The new detection method is based on an observable phenomena right here in our own solar system. Space, unlike what you may have heard, is not 100% hard-vacuum, but is actually filled with "stuff". The space between stars, for example, is filled with all kinds of radiation and the occasional proton making it a kind of very-low-density gas through which something called the inter-stellar wind blows. This "gas" is more intense around stars, and is part of the phenomena we call solar-wind.

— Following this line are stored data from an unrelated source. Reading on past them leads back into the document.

(* Let $(\eta_k)_{k\ge1}$ be a sequence of real numbers and suppose there are $\varepsilon>0$, $C>0$, $D>0$, $\tilde\beta\in[0,1]$ and $k_0$ such that for all $k\ge k_0$ $$0\le\eta_k\le1-\varepsilon\quad\text{and}\quad \eta_{k+1}\le\eta_k\Big[1-\frac{C(1-\eta_k)}{k}\Big]+\frac{D}{k^{1+\tilde\beta}}.$$ Then $\limsup_{k\to\infty}\eta_k h(k)<\infty$, where $h(k)=k^{\tilde\beta}$ if $\tilde\beta<C$, $h(k)=k^{\tilde\beta}/\log k$ if $\tilde\beta=C$, and $h(k)=k^{C}$ if $\tilde\beta>C$. *)

theory Defs
  imports "HOL-Analysis.Analysis"
begin

definition rate_h :: "real \<Rightarrow> real \<Rightarrow> nat \<Rightarrow> real" where
  "rate_h \<beta> C k =
     (if \<beta> < C then real k powr \<beta>
      else if \<beta> = C then real k powr \<beta> / ln (real k)
      else real k powr C)"

end

theory Submission
  imports Defs
begin

(*
  Idea: multiply by a polynomial weight k^gamma.  Since (k+1)^gamma <= k^gamma (1 + gamma/k),
  the weighted sequence x k = k^gamma * eta k satisfies
     x (k+1) <= (1 - (C (1 - eta k) - gamma) / k) * x k + 2 D k^(gamma - 1 - beta).
  Two elementary bounds for one-dimensional recursions are then used:
   (A) x (k+1) <= (1 - a/k) x k + b/k with a > 0 keeps x bounded;
   (B) x (k+1) <= (1 + E k^(-1-s)) x k + g k gives x k <= e^(3E/s) (x K + sum of g).
  Inside the locale perturbed_contraction we derive the weighted recursion, a first
  polynomial decay eta k = O(k^(-gamma)) for small gamma > 0 (via (A)), and then the
  three regimes: beta < C (weight k^beta, via (A) once eta is small), beta > C and
  beta = C (weight k^C, via (B), with a convergent resp. logarithmic sum).
*)

section \<open>Elementary estimates\<close>

text \<open>Bernoulli's inequality for exponents in [0,1]; it controls the growth of the weight k^g.\<close>
lemma bernoulli_powr_le:
  fixes t g :: real
  assumes "t \<ge> 0" "0 \<le> g" "g \<le> 1"
  shows "(1 + t) powr g \<le> 1 + g * t"
  using Youngs_inequality_0[of g "1 - g" "1 + t" 1] assms by (simp add: algebra_simps)

lemma powr_neg_le_one:
  fixes x s :: real
  assumes "x \<ge> 1" "s \<ge> 0"
  shows "x powr (-s) \<le> 1"
proof -
  have "x powr s \<ge> 1" using ge_one_powr_ge_zero assms by simp
  then show ?thesis using assms by (simp add: powr_minus inverse_le_1_iff)
qed

lemma powr_le_telescoping:
  fixes s :: real and j :: nat
  assumes s: "0 < s" "s \<le> 1" and j: "j \<ge> 1"
  shows "real j powr (-1-s) \<le> (3/s) * (real j powr (-s) - real (Suc j) powr (-s))"
proof -
  have jp: "real j \<ge> 1" using j by simp
  have ln_bound: "ln (1 + 1/real j) \<ge> 1 / (real j + 1)"
  proof -
    have "ln (real j / (real j + 1)) \<le> real j / (real j + 1) - 1"
      using jp by (intro ln_le_minus_one) simp
    moreover have "ln (real j / (real j + 1)) = - ln (1 + 1/real j)"
      using jp by (simp add: ln_div field_simps)
    moreover have "real j / (real j + 1) - 1 = - (1 / (real j + 1))"
      using jp by (simp add: field_simps)
    ultimately show ?thesis by linarith
  qed
  have pos: "1 + 1/real j > 0" using jp by (simp add: add_pos_nonneg)
  have growth: "(1 + 1/real j) powr s \<ge> 1 + s / (real j + 1)"
  proof -
    have "(1 + 1/real j) powr s = exp (s * ln (1 + 1/real j))" using pos by (simp add: powr_def)
    also have "\<dots> \<ge> 1 + s * ln (1 + 1/real j)" by (rule exp_ge_add_one_self)
    finally show ?thesis using mult_left_mono[OF ln_bound, of s] s by simp
  qed
  have Suc_powr: "real (Suc j) powr (-s) = real j powr (-s) / (1 + 1/real j) powr s"
  proof -
    have "real (Suc j) = real j * (1 + 1/real j)" using jp by (simp add: field_simps)
    then have "real (Suc j) powr (-s) = real j powr (-s) * (1 + 1/real j) powr (-s)"
      by (simp add: powr_mult)
    then show ?thesis by (simp add: powr_minus divide_inverse)
  qed
  have "real (Suc j) powr (-s) \<le> real j powr (-s) / (1 + s / (real j + 1))"
    unfolding Suc_powr using growth jp s pos
    by (intro divide_left_mono) (auto intro!: mult_pos_pos add_pos_nonneg)
  also have "\<dots> = real j powr (-s) * ((real j + 1) / (real j + 1 + s))"
    using jp s by (simp add: field_simps)
  finally have diff: "real j powr (-s) - real (Suc j) powr (-s) \<ge> real j powr (-s) * (s / (real j + 1 + s))"
    using jp s by (simp add: field_simps)
  have "s / (real j + 1 + s) \<ge> s / (3 * real j)"
    using jp s by (intro divide_left_mono) auto
  then have "real j powr (-s) * (s / (3 * real j)) \<le> real j powr (-s) - real (Suc j) powr (-s)"
    using diff mult_left_mono[of "s / (3 * real j)" "s / (real j + 1 + s)" "real j powr (-s)"] by simp
  then have "(3/s) * (real j powr (-s) * (s / (3 * real j)))
               \<le> (3/s) * (real j powr (-s) - real (Suc j) powr (-s))"
    using s by (intro mult_left_mono) auto
  moreover have "(3/s) * (real j powr (-s) * (s / (3 * real j))) = real j powr (-1-s)"
    using jp s by (simp add: field_simps powr_diff powr_minus powr_add)
  ultimately show ?thesis by simp
qed

lemma inverse_le_ln_telescoping:
  fixes j :: nat
  assumes "j \<ge> 1"
  shows "1 / real j \<le> 2 * (ln (real (Suc j)) - ln (real j))"
proof -
  have jp: "real j \<ge> 1" using assms by simp
  have "ln (real j / real (Suc j)) \<le> real j / real (Suc j) - 1"
    using jp by (intro ln_le_minus_one) simp
  moreover have "ln (real j / real (Suc j)) = ln (real j) - ln (real (Suc j))"
    using jp by (simp add: ln_div)
  moreover have "real j / real (Suc j) - 1 = - 1 / (real j + 1)"
    using jp by (simp add: field_simps)
  moreover have "1 / real j \<le> 2 / (real j + 1)"
    using jp by (simp add: field_simps)
  ultimately show ?thesis by simp
qed

lemma sum_powr_le_telescoping:
  fixes s :: real
  assumes "0 < s" "s \<le> 1" "K \<ge> 1" "k \<ge> K"
  shows "(\<Sum>j\<in>{K..<k}. real j powr (-1-s)) \<le> 3/s * (real K powr (-s) - real k powr (-s))"
  using assms(4)
proof (induction k rule: dec_induct)
  case base then show ?case by simp
next
  case (step k)
  then show ?case
    using powr_le_telescoping[OF assms(1,2), of k] assms(3) by (simp add: algebra_simps)
qed

lemma sum_inverse_le_ln:
  assumes "K \<ge> 1" "k \<ge> K"
  shows "(\<Sum>j\<in>{K..<k}. 1 / real j) \<le> 2 * (ln (real k) - ln (real K))"
  using assms(2)
proof (induction k rule: dec_induct)
  case base then show ?case by simp
next
  case (step k)
  then show ?case
    using inverse_le_ln_telescoping[of k] assms(1) by (simp add: algebra_simps)
qed

section \<open>Two bounds for one-dimensional recursions\<close>

lemma recursion_contracting_bounded:
  fixes x :: "nat \<Rightarrow> real" and a b :: real and K :: nat
  assumes "a > 0" "b \<ge> 0" "K \<ge> 1"
    and nonneg: "\<And>k. k \<ge> K \<Longrightarrow> x k \<ge> 0"
    and rec: "\<And>k. k \<ge> K \<Longrightarrow> x (Suc k) \<le> (1 - a / real k) * x k + b / real k"
    and "k \<ge> K"
  shows "x k \<le> max (x K) (b/a + b)"
  using \<open>k \<ge> K\<close>
proof (induction k rule: dec_induct)
  case base then show ?case by simp
next
  case (step k)
  have kp: "real k \<ge> 1" using step.hyps assms(3) by simp
  have unfold: "(1 - a / real k) * x k + b / real k = x k - (a * x k - b) / real k"
    using kp by (simp add: field_simps)
  show ?case
  proof (cases "x k \<ge> b / a")
    case True
    \<comment> \<open>above the equilibrium b/a the sequence does not increase\<close>
    then have "(a * x k - b) / real k \<ge> 0" using assms(1) kp by (simp add: field_simps)
    then show ?thesis using rec[OF step.hyps(1)] unfold step.IH by linarith
  next
    case False
    \<comment> \<open>below it, one step adds at most b\<close>
    have "a / real k * x k \<ge> 0" using assms(1) kp nonneg step.hyps by simp
    moreover have "b / real k \<le> b" using kp assms(2) by (simp add: divide_le_eq mult_le_cancel_left1)
    ultimately have "x (Suc k) \<le> x k + b" using rec[OF step.hyps(1)] by (simp add: algebra_simps)
    then show ?thesis using False by linarith
  qed
qed

text \<open>(B) A recursion with summable multiplicative growth 1 + E k^(-1-s) is controlled by
  its forcing sum; the potential y k = x k exp(3E/s k^(-s)) is nearly nonincreasing.\<close>
lemma recursion_summable_growth_bound:
  fixes x g :: "nat \<Rightarrow> real" and s E :: real and K :: nat
  assumes s: "0 < s" "s \<le> 1" and E: "E \<ge> 0" and K: "K \<ge> 1"
    and nonneg: "\<And>k. k \<ge> K \<Longrightarrow> x k \<ge> 0"
    and g_nonneg: "\<And>k. k \<ge> K \<Longrightarrow> g k \<ge> 0"
    and rec: "\<And>k. k \<ge> K \<Longrightarrow> x (Suc k) \<le> (1 + E * real k powr (-1-s)) * x k + g k"
    and "k \<ge> K"
  shows "x k \<le> exp (3*E/s) * (x K + (\<Sum>j\<in>{K..<k}. g j))"
proof -
  define A where "A = 3*E/s"
  have A0: "A \<ge> 0" using s E by (simp add: A_def)
  have exp_le: "exp (A * real n powr (-s)) \<le> exp A" if "n \<ge> 1" for n
    using powr_neg_le_one[of "real n" s] that s A0 by (simp add: mult_left_le)
  define y where "y k = x k * exp (A * real k powr (-s))" for k
  have y_bound: "y k \<le> y K + exp A * (\<Sum>j\<in>{K..<k}. g j)" if "k \<ge> K" for k
    using that
  proof (induction k rule: dec_induct)
    case base then show ?case by simp
  next
    case (step k)
    have kp: "real k \<ge> 1" using step.hyps K by simp
    have growth: "(1 + E * real k powr (-1-s)) * exp (A * real (Suc k) powr (-s))
                    \<le> exp (A * real k powr (-s))"
    proof -
      have "E * real k powr (-1-s) \<le> E * (3/s * (real k powr (-s) - real (Suc k) powr (-s)))"
        using powr_le_telescoping[OF s, of k] kp E by (intro mult_left_mono) auto
      also have "\<dots> = A * (real k powr (-s) - real (Suc k) powr (-s))" by (simp add: A_def)
      finally have "E * real k powr (-1-s) \<le> A * (real k powr (-s) - real (Suc k) powr (-s))" .
      then have "E * real k powr (-1-s) + A * real (Suc k) powr (-s) \<le> A * real k powr (-s)"
        by (simp add: algebra_simps)
      then have "exp (E * real k powr (-1-s)) * exp (A * real (Suc k) powr (-s))
                   \<le> exp (A * real k powr (-s))"
        by (simp flip: exp_add)
      moreover have "1 + E * real k powr (-1-s) \<le> exp (E * real k powr (-1-s))"
        by (rule exp_ge_add_one_self)
      ultimately show ?thesis by (meson exp_gt_zero less_imp_le mult_right_mono order_trans)
    qed
    have "y (Suc k) \<le> ((1 + E * real k powr (-1-s)) * x k + g k) * exp (A * real (Suc k) powr (-s))"
      unfolding y_def using rec[OF step.hyps(1)] by (intro mult_right_mono) auto
    also have "\<dots> = ((1 + E * real k powr (-1-s)) * exp (A * real (Suc k) powr (-s))) * x k
                    + g k * exp (A * real (Suc k) powr (-s))" by (simp add: algebra_simps)
    also have "\<dots> \<le> exp (A * real k powr (-s)) * x k + g k * exp A"
      using growth exp_le[of "Suc k"] nonneg[OF step.hyps(1)] g_nonneg[OF step.hyps(1)]
      by (intro add_mono mult_right_mono mult_left_mono) auto
    also have "\<dots> \<le> y K + exp A * (\<Sum>j\<in>{K..<Suc k}. g j)"
      using step.IH step.hyps by (simp add: y_def algebra_simps)
    finally show ?case .
  qed
  have "x k \<le> y k"
    using nonneg[OF \<open>k \<ge> K\<close>] A0 by (simp add: y_def mult_le_cancel_left1)
  also have "\<dots> \<le> y K + exp A * (\<Sum>j\<in>{K..<k}. g j)" using y_bound[OF \<open>k \<ge> K\<close>] .
  also have "y K \<le> x K * exp A"
    unfolding y_def using nonneg[of K] exp_le[OF K] by (intro mult_left_mono) auto
  finally show ?thesis by (simp add: A_def algebra_simps)
qed

lemma weighted_step_powr:
  fixes k :: nat and \<gamma> y0 y1 c d :: real
  assumes "real k \<ge> 1" "0 \<le> \<gamma>" "\<gamma> \<le> 1" "y0 \<ge> 0" "c \<ge> 0" "d \<ge> 0" "y1 \<le> y0 * c + d"
  shows "real (Suc k) powr \<gamma> * y1 \<le> (1 + \<gamma> / real k) * c * (real k powr \<gamma> * y0) + 2 * real k powr \<gamma> * d"
proof -
  have kp: "real k > 0" using assms(1) by simp
  have "real (Suc k) = real k * (1 + 1/real k)" using kp by (simp add: field_simps)
  then have "real (Suc k) powr \<gamma> = real k powr \<gamma> * (1 + 1/real k) powr \<gamma>"
    by (simp add: powr_mult)
  also have "\<dots> \<le> real k powr \<gamma> * (1 + \<gamma> / real k)"
    using bernoulli_powr_le[of "1/real k" \<gamma>] assms kp by (intro mult_left_mono) auto
  finally have weight: "real (Suc k) powr \<gamma> \<le> real k powr \<gamma> * (1 + \<gamma> / real k)" .
  have "1 + \<gamma> / real k \<le> 2" using assms kp by (simp add: divide_le_eq)
  then have weight2: "real (Suc k) powr \<gamma> \<le> 2 * real k powr \<gamma>"
    using weight mult_left_mono[of "1 + \<gamma> / real k" 2 "real k powr \<gamma>"] by simp
  have "real (Suc k) powr \<gamma> * y1 \<le> real (Suc k) powr \<gamma> * (y0 * c) + real (Suc k) powr \<gamma> * d"
    using mult_left_mono[OF assms(7), of "real (Suc k) powr \<gamma>"] by (simp add: distrib_left)
  also have "\<dots> \<le> (real k powr \<gamma> * (1 + \<gamma> / real k)) * (y0 * c) + 2 * real k powr \<gamma> * d"
    using weight weight2 assms by (intro add_mono mult_right_mono) auto
  finally show ?thesis by (simp add: algebra_simps)
qed

lemma limsup_finite_if_eventually_le:
  fixes f :: "nat \<Rightarrow> real"
  assumes "\<And>k. k \<ge> K \<Longrightarrow> f k \<le> M"
  shows "limsup (\<lambda>k. ereal (f k)) < \<infinity>"
proof -
  have "eventually (\<lambda>k. ereal (f k) \<le> ereal M) sequentially"
    using assms by (auto simp: eventually_sequentially)
  then have "limsup (\<lambda>k. ereal (f k)) \<le> ereal M" by (rule Limsup_bounded)
  then show ?thesis by (rule order.strict_trans1) simp
qed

In addition to solar wind, the space around our own sun is filled with "dust" particles through which the planets move like fish circling inside a classic fish-bowl. If you've ever taken a glass or bowl of water, dropped some black pepper in it, and then swirled it around with a stick you are familiar with the phenomena now being considered as the next exoplanet detection method.
As the planets move through the dust disc -oh, and it is a disk due to the spinning motion of gravitational force generated by the rotating sun- they create trails of varying density in the dust around them. Since many planets do not travel directly in the same plane as the stars they orbit, and since the planets' gravity pulls dust in along in their path, secondary discs are created by the presence of planetary bodies around distant suns.
It is these secondary disks that can be detected by our modern telescopes. This method of detection is easier than a lot of other methods because the planetary dust-rings are a lot bigger than the planets themselves, and are therefore easier to "see" in the glare of the stars they orbit.
Above: the Hubble image of the star Beta Pictoris, and its dust disks.
The secondary disk in the image of Beta Pictoris is thought to be generated by the presence of a planet.
There are also secondary indicators. As planets move through the dust they create variations in its density. You can see this in your bowl and pepper model by what happens to the pepper around your finger as you swirl it around. This observation can be used as further evidence of planetary bodies in a distant solar system. Below is a density image of our own solar system with the sun in the center, and the density variation being caused by Earth's orbit.
The second dot below the first one is earth. Purple indicates the lowest density, while red the highest.
I'm very excited about this new method, and fully expect even more planets to be discovered in the coming years!
All images above are courtesy NASA. You can red the original article about this new method of planet detection here.
That's all for this posting! Be well!